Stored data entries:
(* Let $k$ be an algebraically closed field of characteristic $p>0$, $A=k[X,Y]$, and $F=(X^p+Y^{p+1})Y$. Then $k(F,Y)=k(X^p,Y)$, so $F$ is a good pseudo field generator in $A$; $F$ is a generally rational polynomial in $A$; and $F$ is not a field generator in $A$.
   Context: $F$ is a good pseudo field generator in $A$ if there is $G\in A$ with $\operatorname{Frac}A$ purely inseparable over $k(F,G)$. $F$ is a generally rational polynomial in $A$ if, for all but finitely many $\lambda\in k$, $F-\lambda$ is irreducible and $\operatorname{Frac}(A/(F-\lambda))$ is purely transcendental of transcendence degree $1$ over $k$. $F$ is a field generator in $A$ if $k(F,G)=\operatorname{Frac}A$ for some $G\in\operatorname{Frac}A$. *)

theory Defs
  imports "HOL-Computational_Algebra.Computational_Algebra"
begin

text \<open>The polynomial ring A = k[X,Y] is modelled as ('a poly) poly: the outer variable
is Y, the coefficients are polynomials in X.  Frac A is ('a poly poly) fract.\<close>

definition polyX :: "'a::field poly poly" where
  "polyX = [:[:0, 1:]:]"

definition polyY :: "'a::field poly poly" where
  "polyY = [:0, 1:]"

definition polyC :: "'a::field \<Rightarrow> 'a poly poly" where
  "polyC c = [:[:c:]:]"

▶ _Problem statement_
Every entry above should be written out again, precisely.

▶ _Your solution_
(* Let $k$ be an algebraically closed field of characteristic $p>0$, $A=k[X,Y]$, and $F=(X^p+Y^{p+1})Y$. Then $k(F,Y)=k(X^p,Y)$, so $F$ is a good pseudo field generator in $A$; $F$ is a generally rational polynomial in $A$; and $F$ is not a field generator in $A$.
   Context: $F$ is a good pseudo field generator in $A$ if there is $G\in A$ with $\operatorname{Frac}A$ purely inseparable over $k(F,G)$. $F$ is a generally rational polynomial in $A$ if, for all but finitely many $\lambda\in k$, $F-\lambda$ is irreducible and $\operatorname{Frac}(A/(F-\lambda))$ is purely transcendental of transcendence degree $1$ over $k$. $F$ is a field generator in $A$ if $k(F,G)=\operatorname{Frac}A$ for some $G\in\operatorname{Frac}A$. *)

theory Defs
  imports "HOL-Computational_Algebra.Computational_Algebra"
begin

text \<open>The polynomial ring A = k[X,Y] is modelled as ('a poly) poly: the outer variable
is Y, the coefficients are polynomials in X.  Frac A is ('a poly poly) fract.\<close>

definition polyX :: "'a::field poly poly" where
  "polyX = [:[:0, 1:]:]"

definition polyY :: "'a::field poly poly" where
  "polyY = [:0, 1:]"

definition polyC :: "'a::field \<Rightarrow> 'a poly poly" where
  "polyC c = [:[:c:]:]"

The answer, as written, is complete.